(THE PROBLEM) Your output should be the lines from the start of the data through the line containing "int) \<Rightarrow> int", exactly and nothing more.

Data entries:
══════════

(* Let $n\ge 2$, $d\ge 1$, and let $(p;v)$ be the canonical pair of a line $\ell$ in $[n]^d$ of odd weight. Then $\sigma(p)\equiv\sigma(p+(i-1)v)\pmod 2$ for every integer $1\le i\le\lfloor n/2\rfloor$, and $\sigma(p)\not\equiv\sigma(p+(i-1)v)\pmod 2$ for every integer $\lceil n/2\rceil< i\le n$.
   Context: Let $[n]=\{1,\dots,n\}$. For $p\in[n]^d$ and $v\in\{-1,0,1\}^d$ with $v\ne\vec 0$, if $p+tv\in[n]^d$ for all $0\le t\le n-1$, the set $\ell=\{p,p+v,\dots,p+(n-1)v\}$ is a line with initial point $p$ and direction $v$. The canonical pair of a line is its unique representation $(p;v)$ in which the first nonzero coordinate of $v$ equals $+1$; the weight of the line is the number of nonzero coordinates of this $v$. For $p\in[n]^d$ and $i\in[n]$ let $\pi_i(p)=|\{j\in[d]:p_j=i\}|$, and let $\sigma(p)=\sum_{1\le i\le n/2}\pi_i(p)$. *)

theory Defs
  imports Complex_Main "HOL-Number_Theory.Cong"
begin

text \<open>Points of [n]^d and directions are represented as functions nat => int;
  only the coordinates j in {1..d} are meaningful.\<close>

definition in_grid :: "nat \<Rightarrow> nat \<Rightarrow> (nat \<Rightarrow> int) \<Rightarrow> bool" where
  "in_grid n d p \<longleftrightarrow> (\<forall>j\<in>{1..d}. 1 \<le> p j \<and> p j \<le> int n)"

definition shift :: "(nat \<Rightarrow> int) \<Rightarrow> int \<Rightarrow> (nat \<Rightarrow> int) \<Rightarrow> (nat \<Rightarrow> int)" where
  "shift p t v = (\<lambda>j. p j + t * v j)"

definition is_direction :: "nat \<Rightarrow> (nat \<Rightarrow> int) \<Rightarrow> bool" where
  "is_direction d v \<longleftrightarrow> (\<forall>j\<in>{1..d}. v j \<in> {-1, 0, 1}) \<and> (\<exists>j\<in>{1..d}. v j \<noteq> 0)"

definition is_line :: "nat \<Rightarrow> nat \<Rightarrow> (nat \<Rightarrow> int) \<Rightarrow> (nat \<Rightarrow> int) \<Rightarrow> bool" where
  "is_line n d p v \<longleftrightarrow> in_grid n d p \<and> is_direction d v \<and>
     (\<forall>t::nat. t \<le> n - 1 \<longrightarrow> in_grid n d (shift p (int t) v))"

definition canonical_dir :: "nat \<Rightarrow> (nat \<Rightarrow> int) \<Rightarrow> bool" where
  "canonical_dir d v \<longleftrightarrow> (\<exists>k\<in>{1..d}. v k = 1 \<and> (\<forall>j\<in>{1..d}. j < k \<longrightarrow> v j = 0))"

definition weight :: "nat \<Rightarrow> (nat \<Rightarrow> int) \<Rightarrow> nat" where
  "weight d v = card {j\<in>{1..d}. v j \<noteq> 0}"

definition pi_count :: "nat \<Rightarrow> nat \<Rightarrow> (nat \<Rightarrow> int) \<Rightarrow> nat" where
  "pi_count d i p = card {j\<in>{1..d}. p j = int i}"

definition sigma :: "nat \<Rightarrow> nat \<Rightarrow> (nat \<Rightarrow> int) \<Rightarrow> nat" where
  "sigma n d p = (\<Sum>i\<in>{i::nat. 1 \<le> i \<and> real i \<le> real n / 2}. pi_count d i p)"

end

theory Submission
  imports Defs
begin

(* Write L(q) for the set of coordinates j with 1 <= q_j <= n/2, so that sigma(q) = |L(q)|.
   Along a line, an inactive coordinate (v_j = 0) is constant, while an active one runs
   monotonically from one end of [n] to the other.  An active coordinate therefore lies in the
   lower half at p + (i-1)v iff it does so at p when i <= n/2, and iff it does not when
   i > ceil(n/2).  So L(p + (i-1)v) = L(p) in the first case; in the second the two sets differ
   exactly in the weight(v) active coordinates, and |A| + |B| has the parity of the size of
   the symmetric difference of A and B.
   Neither the canonical form of (p;v) nor d >= 1 is needed, and n >= 2 is implied by
   the existence of such an i. *)

definition lower_half :: "nat \<Rightarrow> int \<Rightarrow> bool" where
  "lower_half n x \<longleftrightarrow> 1 \<le> x \<and> 2 * x \<le> int n"

definition lower_coords :: "nat \<Rightarrow> nat \<Rightarrow> (nat \<Rightarrow> int) \<Rightarrow> nat set" where
  "lower_coords n d q = {j\<in>{1..d}. lower_half n (q j)}"

lemma card_add_card_eq_card_sym_diff:
  assumes "finite A" and "finite B"
  shows "card A + card B = card (sym_diff A B) + 2 * card (A \<inter> B)"
proof -
  have "A \<union> B = sym_diff A B \<union> (A \<inter> B)" and "sym_diff A B \<inter> (A \<inter> B) = {}"
    by blast+
  then have "card (A \<union> B) = card (sym_diff A B) + card (A \<inter> B)"
    using assms by (simp add: card_Un_disjoint)
  then show ?thesis
    using card_Un_Int[OF assms] by simp
qed

lemma sigma_eq_card_lower_coords: "sigma n d q = card (lower_coords n d q)"
proof -
  define I where "I = {i::nat. 1 \<le> i \<and> real i \<le> real n / 2}"
  have "finite I"
    unfolding I_def by (rule finite_subset[of _ "{..n}"]) auto
  have "lower_coords n d q = (\<Union>i\<in>I. {j\<in>{1..d}. q j = int i})"
  proof (intro equalityI subsetI)
    fix j assume "j \<in> lower_coords n d q"
    then have "j \<in> {1..d}" and "nat (q j) \<in> I" and "q j = int (nat (q j))"
      unfolding lower_coords_def lower_half_def I_def by auto
    then show "j \<in> (\<Union>i\<in>I. {j\<in>{1..d}. q j = int i})"
      by blast
  qed (auto simp: lower_coords_def lower_half_def I_def)
  also have "card \<dots> = (\<Sum>i\<in>I. card {j\<in>{1..d}. q j = int i})"
    using \<open>finite I\<close> by (intro card_UN_disjoint) auto
  finally show ?thesis
    unfolding sigma_def pi_count_def I_def by simp
qed

lemma line_direction_coord:
  assumes "is_line n d p v" and "j \<in> {1..d}"
  shows "v j \<in> {-1, 0, 1}"
  using assms unfolding is_line_def is_direction_def by blast

lemma line_start_coord:
  assumes "is_line n d p v" and "2 \<le> n" and "j \<in> {1..d}"
  shows "v j = 1 \<Longrightarrow> p j = 1" and "v j = -1 \<Longrightarrow> p j = int n"
proof -
  have "1 \<le> p j" "p j \<le> int n" "1 \<le> p j + int (n - 1) * v j" "p j + int (n - 1) * v j \<le> int n"
    using assms(1,3) unfolding is_line_def in_grid_def shift_def by (blast, blast, force+)
  then show "v j = 1 \<Longrightarrow> p j = 1" and "v j = -1 \<Longrightarrow> p j = int n"
    using assms(2) by auto
qed

lemma lower_coords_early_on_line:
  assumes "is_line n d p v" and "1 \<le> i" and "2 * i \<le> n"
  shows "lower_coords n d (shift p (int i - 1) v) = lower_coords n d p"
proof -
  have "lower_half n (p j + (int i - 1) * v j) \<longleftrightarrow> lower_half n (p j)" if "j \<in> {1..d}" for j
    using line_direction_coord[OF assms(1) that] line_start_coord[OF assms(1) _ that] assms(2,3)
    unfolding lower_half_def by auto
  then show ?thesis
    unfolding lower_coords_def shift_def by auto
qed

lemma lower_coords_late_on_line:
  assumes "is_line n d p v" and "n + 2 \<le> 2 * i" and "i \<le> n"
  shows "sym_diff (lower_coords n d p) (lower_coords n d (shift p (int i - 1) v))
           = {j\<in>{1..d}. v j \<noteq> 0}"
proof -
  have "lower_half n (p j + (int i - 1) * v j) \<longleftrightarrow>
          (if v j = 0 then lower_half n (p j) else \<not> lower_half n (p j))" if "j \<in> {1..d}" for j
    using line_direction_coord[OF assms(1) that] line_start_coord[OF assms(1) _ that] assms(2,3)
    unfolding lower_half_def by auto
  then show ?thesis
    unfolding lower_coords_def shift_def by auto
qed

theorem lemma19:
  fixes n d :: nat and p v :: "nat \<Rightarrow> int"
  assumes "n \<ge> 2" and "d \<ge> 1"
    and "is_line n d p v" and "canonical_dir d v"
    and "odd (weight d v)"
  shows "(\<forall>i::nat. 1 \<le> i \<and> real i \<le> real n / 2 \<longrightarrow>
            [sigma n d p = sigma n d (shift p (int i - 1) v)] (mod 2))
       \<and> (\<forall>i::nat. real_of_int \<lceil>real n / 2\<rceil> < real i \<and> i \<le> n \<longrightarrow>
            \<not> [sigma n d p = sigma n d (shift p (int i - 1) v)] (mod 2))"
proof (intro conjI allI impI)
  fix i :: nat
  assume "1 \<le> i \<and> real i \<le> real n / 2"
  then have "1 \<le> i" and "2 * i \<le> n"
    by linarith+
  then show "[sigma n d p = sigma n d (shift p (int i - 1) v)] (mod 2)"
    using lower_coords_early_on_line[OF assms(3)] by (simp add: sigma_eq_card_lower_coords)
next
  fix i :: nat
  assume i: "real_of_int \<lceil>real n / 2\<rceil> < real i \<and> i \<le> n"
  then have "\<lceil>real n / 2\<rceil> + 1 \<le> int i"
    by linarith
  then have "n + 2 \<le> 2 * i"
    using le_of_int_ceiling[of "real n / 2"] by linarith
  let ?A = "lower_coords n d p" and ?B = "lower_coords n d (shift p (int i - 1) v)"
  have "card ?A + card ?B = weight d v + 2 * card (?A \<inter> ?B)"
    using card_add_card_eq_card_sym_diff[of ?A ?B] lower_coords_late_on_line[OF assms(3)]
      \<open>n + 2 \<le> 2 * i\<close> i
    by (simp add: lower_coords_def weight_def)
  then have "odd (card ?A + card ?B)"
    using assms(5) by simp
  then show "\<not> [sigma n d p = sigma n d (shift p (int i - 1) v)] (mod 2)"
    by (simp add: sigma_eq_card_lower_coords cong_def) (metis odd_iff_mod_2_eq_one even_iff_mod_2_eq_zero)
qed

end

══════════

(RESPONSE TO THIS TASK)
(* Let $n\ge 2$, $d\ge 1$, and let $(p;v)$ be the canonical pair of a line $\ell$ in $[n]^d$ of odd weight. Then $\sigma(p)\equiv\sigma(p+(i-1)v)\pmod 2$ for every integer $1\le i\le\lfloor n/2\rfloor$, and $\sigma(p)\not\equiv\sigma(p+(i-1)v)\pmod 2$ for every integer $\lceil n/2\rceil< i\le n$.
   Context: Let $[n]=\{1,\dots,n\}$. For $p\in[n]^d$ and $v\in\{-1,0,1\}^d$ with $v\ne\vec 0$, if $p+tv\in[n]^d$ for all $0\le t\le n-1$, the set $\ell=\{p,p+v,\dots,p+(n-1)v\}$ is a line with initial point $p$ and direction $v$. The canonical pair of a line is its unique representation $(p;v)$ in which the first nonzero coordinate of $v$ equals $+1$; the weight of the line is the number of nonzero coordinates of this $v$. For $p\in[n]^d$ and $i\in[n]$ let $\pi_i(p)=|\{j\in[d]:p_j=i\}|$, and let $\sigma(p)=\sum_{1\le i\le n/2}\pi_i(p)$. *)

theory Defs
  imports Complex_Main "HOL-Number_Theory.Cong"
begin

text \<open>Points of [n]^d and directions are represented as functions nat => int;
  only the coordinates j in {1..d} are meaningful.\<close>

definition in_grid :: "nat \<Rightarrow> nat \<Rightarrow> (nat \<Rightarrow> int) \<Rightarrow> bool" where
  "in_grid n d p \<longleftrightarrow> (\<forall>j\<in>{1..d}. 1 \<le> p j \<and> p j \<le> int n)"

definition shift :: "(nat \<Rightarrow> int) \<Rightarrow> int \<Rightarrow> (nat \<Rightarrow> int) \<Rightarrow> (nat \<Rightarrow> int)" where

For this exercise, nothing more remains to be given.